• [Exercise]
Set each line of the records down again exactly, please.

(Stored data)
text \<open>Columns 2 and 3
  of Omega are the identity, so they determine A from M; columns 0 and 1 then
  yield four relations between the entries of M, polynomial in q and r.\<close>
lemma End_tauD_relations:
  assumes M: "M \<in> End_ab (tauD n b)"
  shows "qr_poly (- M$2$0) (b*M$0$0 - b*M$2$2 - M$1$0 + M$2$3) (M$2$2*n - M$0$0*n)
           (b*b*M$0$2 - b*M$0$3 - b*M$1$2 + M$1$3) (M$0$3*n + M$1$2*n - 2*b*M$0$2*n)
           (M$0$2*n*n) = 0" (is ?R00)
    and "qr_poly (- M$2$1) (b*M$0$1 - M$1$1 + M$2$2) (M$2$3 - M$0$1*n)
           (M$1$2 - b*M$0$2) (M$0$2*n + M$1$3 - b*M$0$3) (M$0$3*n) = 0" (is ?R01)
    and "qr_poly (- M$3$0) (M$3$3 - b*M$3$2 - M$0$0) (M$3$2*n - M$1$0)
           (M$0$3 - b*M$0$2) (M$0$2*n + M$1$3 - b*M$1$2) (M$1$2*n) = 0" (is ?R10)
    and "qr_poly (- M$3$1) (M$3$2 - M$0$1) (M$3$3 - M$1$1)
           (M$0$2) (M$0$3 + M$1$2) (M$1$3) = 0" (is ?R11)
proof -
  obtain A where hA: "A ** period (tauD n b) = period (tauD n b) ** cmat M"
    using M unfolding End_ab_def by auto
  have h: "(A ** period (tauD n b))$i$j = (period (tauD n b) ** cmat M)$i$j" for i j
    using hA by simp
  have A00: "A$0$0 = (of_int n*rr - of_int b*qq) * of_int (M$0$2) + qq * of_int (M$1$2)
                     + of_int (M$2$2)"
    using h[of 0 2] by (simp add: tauD_simps)
  have A01: "A$0$1 = (of_int n*rr - of_int b*qq) * of_int (M$0$3) + qq * of_int (M$1$3)
                     + of_int (M$2$3)"
    using h[of 0 3] by (simp add: tauD_simps)
  have A10: "A$1$0 = qq * of_int (M$0$2) + rr * of_int (M$1$2) + of_int (M$3$2)"
    using h[of 1 2] by (simp add: tauD_simps)
  have A11: "A$1$1 = qq * of_int (M$0$3) + rr * of_int (M$1$3) + of_int (M$3$3)"
    using h[of 1 3] by (simp add: tauD_simps)
  show ?R00 using h[of 0 0] unfolding qr_poly_def
    by (simp add: tauD_simps A00 A01 A10 A11) algebra
  show ?R01 using h[of 0 1] unfolding qr_poly_def
    by (simp add: tauD_simps A00 A01 A10 A11) algebra
  show ?R10 using h[of 1 0] unfolding qr_poly_def
    by (simp add: tauD_simps A00 A01 A10 A11) algebra
  show ?R11 using h[of 1 1] unfolding qr_poly_def
    by (simp add: tauD_simps A00 A01 A10 A11) algebra
qed
definition is_functor ::
  "('o1, 'a1) cat \<Rightarrow> ('o2, 'a2) cat \<Rightarrow> ('o1 \<Rightarrow> 'o2) \<Rightarrow> ('a1 \<Rightarrow> 'a2) \<Rightarrow> bool" where
  "is_functor A B Fo Fa \<longleftrightarrow> category A \<and> category B \<and>
     (\<forall>x\<in>cat_obj A. Fo x \<in> cat_obj B \<and> Fa (cat_ident A x) = cat_ident B (Fo x)) \<and>
     (\<forall>f\<in>cat_arr A. Fa f \<in> cat_arr B \<and> cat_dom B (Fa f) = Fo (cat_dom A f)
                    \<and> cat_cod B (Fa f) = Fo (cat_cod A f)) \<and>
     (\<forall>f\<in>cat_arr A. \<forall>g\<in>cat_arr A. cat_dom A g = cat_cod A f \<longrightarrow>
         Fa (cat_comp A g f) = cat_comp B (Fa g) (Fa f))"

definition nat_trans ::
  "('o1, 'a1) cat \<Rightarrow> ('o2, 'a2) cat \<Rightarrow> ('o1 \<Rightarrow> 'o2) \<Rightarrow> ('a1 \<Rightarrow> 'a2)
     \<Rightarrow> ('o1 \<Rightarrow> 'o2) \<Rightarrow> ('a1 \<Rightarrow> 'a2) \<Rightarrow> ('o1 \<Rightarrow> 'a2) \<Rightarrow> bool" where
  "nat_trans A B Fo Fa Go Ga \<tau> \<longleftrightarrow> is_functor A B Fo Fa \<and> is_functor A B Go Ga \<and>
     (\<forall>x\<in>cat_obj A. \<tau> x \<in> cat_arr B \<and> cat_dom B (\<tau> x) = Fo x \<and> cat_cod B (\<tau> x) = Go x) \<and>
     (\<forall>f\<in>cat_arr A. cat_comp B (\<tau> (cat_cod A f)) (Fa f) = cat_comp B (Ga f) (\<tau> (cat_dom A f)))"

definition iso_arr :: "('o, 'a) cat \<Rightarrow> 'a \<Rightarrow> bool" where
  "iso_arr C f \<longleftrightarrow> f \<in> cat_arr C \<and>
     (\<exists>g\<in>cat_arr C. cat_dom C g = cat_cod C f \<and> cat_cod C g = cat_dom C f \<and>
        cat_comp C g f = cat_ident C (cat_dom C f) \<and> cat_comp C f g = cat_ident C (cat_cod C f))"

definition adjunction ::
  "('o1, 'a1) cat \<Rightarrow> ('o2, 'a2) cat \<Rightarrow> ('o1 \<Rightarrow> 'o2) \<Rightarrow> ('a1 \<Rightarrow> 'a2)
     \<Rightarrow> ('o2 \<Rightarrow> 'o1) \<Rightarrow> ('a2 \<Rightarrow> 'a1) \<Rightarrow> ('o1 \<Rightarrow> 'a1) \<Rightarrow> ('o2 \<Rightarrow> 'a2) \<Rightarrow> bool" where
  "adjunction A B Fo Fa Go Ga \<eta> \<epsilon> \<longleftrightarrow>
     is_functor A B Fo Fa \<and> is_functor B A Go Ga \<and>
     nat_trans A A id id (Go \<circ> Fo) (Ga \<circ> Fa) \<eta> \<and>
     nat_trans B B (Fo \<circ> Go) (Fa \<circ> Ga) id id \<epsilon> \<and>
     (\<forall>x\<in>cat_obj A. cat_comp B (\<epsilon> (Fo x)) (Fa (\<eta> x)) = cat_ident B (Fo x)) \<and>
     (\<forall>y\<in>cat_obj B. cat_comp A (Ga (\<epsilon> y)) (\<eta> (Go y)) = cat_ident A (Go y))"

definition equivalence ::
  "('o1, 'a1) cat \<Rightarrow> ('o2, 'a2) cat \<Rightarrow> ('o1 \<Rightarrow> 'o2) \<Rightarrow> ('a1 \<Rightarrow> 'a2) \<Rightarrow> bool" where
  "equivalence A B Fo Fa \<longleftrightarrow> is_functor A B Fo Fa \<and>
     (\<exists>(Go :: 'o2 \<Rightarrow> 'o1) (Ga :: 'a2 \<Rightarrow> 'a1) \<eta> \<epsilon>. is_functor B A Go Ga \<and>
        nat_trans A A id id (Go \<circ> Fo) (Ga \<circ> Fa) \<eta> \<and> (\<forall>x\<in>cat_obj A. iso_arr A (\<eta> x)) \<and>
        nat_trans B B (Fo \<circ> Go) (Fa \<circ> Ga) id id \<epsilon> \<and> (\<forall>y\<in>cat_obj B. iso_arr B (\<epsilon> y)))"

end

theory Submission
  imports Defs
begin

• [Response to the exercise]
text \<open>Columns 2 and 3
  of Omega are the identity, so they determine A from M; columns 0 and 1 then
  yield four relations between the entries of M, polynomial in q and r.\<close>
lemma End_tauD_relations:
  assumes M: "M \<in> End_ab (tauD n b)"
  shows "qr_poly (- M$2$0) (b*M$0$0 - b*M$2$2 - M$1$0 + M$2$3) (M$2$2*n - M$0$0*n)
           (b*b*M$0$2 - b*M$0$3 - b*M$1$2 + M$1$3) (M$0$3*n + M$1$2*n - 2*b*M$0$2*n)
           (M$0$2*n*n) = 0" (is ?R00)
    and "qr_poly (- M$2$1) (b*M$0$1 - M$1$1 + M$2$2) (M$2$3 - M$0$1*n)
           (M$1$2 - b*M$0$2) (M$0$2*n + M$1$3 - b*M$0$3) (M$0$3*n) = 0" (is ?R01)
    and "qr_poly (- M$3$0) (M$3$3 - b*M$3$2 - M$0$0) (M$3$2*n - M$1$0)
           (M$0$3 - b*M$0$2) (M$0$2*n + M$1$3 - b*M$1$2) (M$1$2*n) = 0" (is ?R10)
    and "qr_poly (- M$3$1) (M$3$2 - M$0$1) (M$3$3 - M$1$1)
           (M$0$2) (M$0$3 + M$1$2) (M$1$3) = 0" (is ?R11)
proof -
  obtain A where hA: "A ** period (tauD n b) = period (tauD n b) ** cmat M"
    using M unfolding End_ab_def by auto
  have h: "(A ** period (tauD n b))$i$j = (period (tauD n b) ** cmat M)$i$j" for i j
    using hA by simp
  have A00: "A$0$0 = (of_int n*rr - of_int b*qq) * of_int (M$0$2) + qq * of_int (M$1$2)
                     + of_int (M$2$2)"
    using h[of 0 2] by (simp add: tauD_simps)
  have A01: "A$0$1 = (of_int n*rr - of_int b*qq) * of_int (M$0$3) + qq * of_int (M$1$3)
                     + of_int (M$2$3)"
    using h[of 0 3] by (simp add: tauD_simps)
  have A10: "A$1$0 = qq * of_int (M$0$2) + rr * of_int (M$1$2) + of_int (M$3$2)"
    using h[of 1 2] by (simp add: tauD_simps)
  have A11: "A$1$1 = qq * of_int (M$0$3) + rr * of_int (M$1$3) + of_int (M$3$3)"
    using h[of 1 3] by (simp add: tauD_simps)
  show ?R00 using h[of 0 0] unfolding qr_poly_def
    by (simp add: tauD_simps A00 A01 A10 A11) algebra
  show ?R01 using h[of 0 1] unfolding qr_poly_def
    by (simp add: tauD_simps A00 A01 A10 A11) algebra
  show ?R10 using h[of 1 0] unfolding qr_poly_def
    by (simp add: tauD_simps A00 A01 A10 A11) algebra
  show ?R11 using h[of 1 1] unfolding qr_poly_def
    by (simp add: tauD_simps A00 A01 A10 A11) algebra
qed
definition is_functor ::
  "('o1, 'a1) cat \<Rightarrow> ('o2, 'a2) cat \<Rightarrow> ('o1 \<Rightarrow> 'o2) \<Rightarrow> ('a1 \<Rightarrow> 'a2) \<Rightarrow> bool" where
  "is_functor A B Fo Fa \<longleftrightarrow> category A \<and> category B \<and>
     (\<forall>x\<in>cat_obj A. Fo x \<in> cat_obj B \<and> Fa (cat_ident A x) = cat_ident B (Fo x)) \<and>
     (\<forall>f\<in>cat_arr A. Fa f \<in> cat_arr B \<and> cat_dom B (Fa f) = Fo (cat_dom A f)
                    \<and> cat_cod B (Fa f) = Fo (cat_cod A f)) \<and>
     (\<forall>f\<in>cat_arr A. \<forall>g\<in>cat_arr A. cat_dom A g = cat_cod A f \<longrightarrow>
         Fa (cat_comp A g f) = cat_comp B (Fa g) (Fa f))"

definition nat_trans ::
  "('o1, 'a1) cat \<Rightarrow> ('o2, 'a2) cat \<Rightarrow> ('o1 \<Rightarrow> 'o2) \<Rightarrow> ('a1 \<Rightarrow> 'a2)
     \<Rightarrow> ('o1 \<Rightarrow> 'o2) \<Rightarrow> ('a1 \<Rightarrow> 'a2) \<Rightarrow> ('o1 \<Rightarrow> 'a2) \<Rightarrow> bool" where
  "nat_trans A B Fo Fa Go Ga \<tau> \<longleftrightarrow> is_functor A B Fo Fa \<and> is_functor A B Go Ga \<and>
     (\<forall>x\<in>cat_obj A. \<tau> x \<in> cat_arr B \<and> cat_dom B (\<tau> x) = Fo x \<and> cat_cod B (\<tau> x) = Go x) \<and>
     (\<forall>f\<in>cat_arr A. cat_comp B (\<tau> (cat_cod A f)) (Fa f) = cat_comp B (Ga f) (\<tau> (cat_dom A f)))"

definition iso_arr :: "('o, 'a) cat \<Rightarrow> 'a \<Rightarrow> bool" where
  "iso_arr C f \<longleftrightarrow> f \<in> cat_arr C \<and>
     (\<exists>g\<in>cat_arr C. cat_dom C g = cat_cod C f \<and> cat_cod C g = cat_dom C f \<and>
        cat_comp C g f = cat_ident C (cat_dom C f) \<and> cat_comp C f g = cat_ident C (cat_cod C f))"

definition adjunction ::
  "('o1, 'a1) cat \<Rightarrow> ('o2, 'a2) cat \<Rightarrow> ('o1 \<Rightarrow> 'o2) \<Rightarrow> ('a1 \<Rightarrow> 'a2)
     \<Rightarrow> ('o2 \<Rightarrow> 'o1) \<Rightarrow> ('a2 \<Rightarrow> 'a1) \<Rightarrow> ('o1 \<Rightarrow> 'a1) \<Rightarrow> ('o2 \<Rightarrow> 'a2) \<Rightarrow> bool" where
  "adjunction A B Fo Fa Go Ga \<eta> \<epsilon> \<longleftrightarrow>
     is_functor A B Fo Fa \<and> is_functor B A Go Ga \<and>
     nat_trans A A id id (Go \<circ> Fo) (Ga \<circ> Fa) \<eta> \<and>
     nat_trans B B (Fo \<circ> Go) (Fa \<circ> Ga) id id \<epsilon> \<and>
     (\<forall>x\<in>cat_obj A. cat_comp B (\<epsilon> (Fo x)) (Fa (\<eta> x)) = cat_ident B (Fo x)) \<and>
     (\<forall>y\<in>cat_obj B. cat_comp A (Ga (\<epsilon> y)) (\<eta> (Go y)) = cat_ident A (Go y))"

definition equivalence ::
  "('o1, 'a1) cat \<Rightarrow> ('o2, 'a2) cat \<Rightarrow> ('o1 \<Rightarrow> 'o2) \<Rightarrow> ('a1 \<Rightarrow> 'a2) \<Rightarrow> bool" where
  "equivalence A B Fo Fa \<longleftrightarrow> is_functor A B Fo Fa \<and>
     (\<exists>(Go :: 'o2 \<Rightarrow> 'o1) (Ga :: 'a2 \<Rightarrow> 'a1) \<eta> \<epsilon>. is_functor B A Go Ga \<and>
        nat_trans A A id id (Go \<circ> Fo) (Ga \<circ> Fa) \<eta> \<and> (\<forall>x\<in>cat_obj A. iso_arr A (\<eta> x)) \<and>
        nat_trans B B (Fo \<circ> Go) (Fa \<circ> Ga) id id \<epsilon> \<and> (\<forall>y\<in>cat_obj B. iso_arr B (\<epsilon> y)))"

end

theory Submission
  imports Defs
begin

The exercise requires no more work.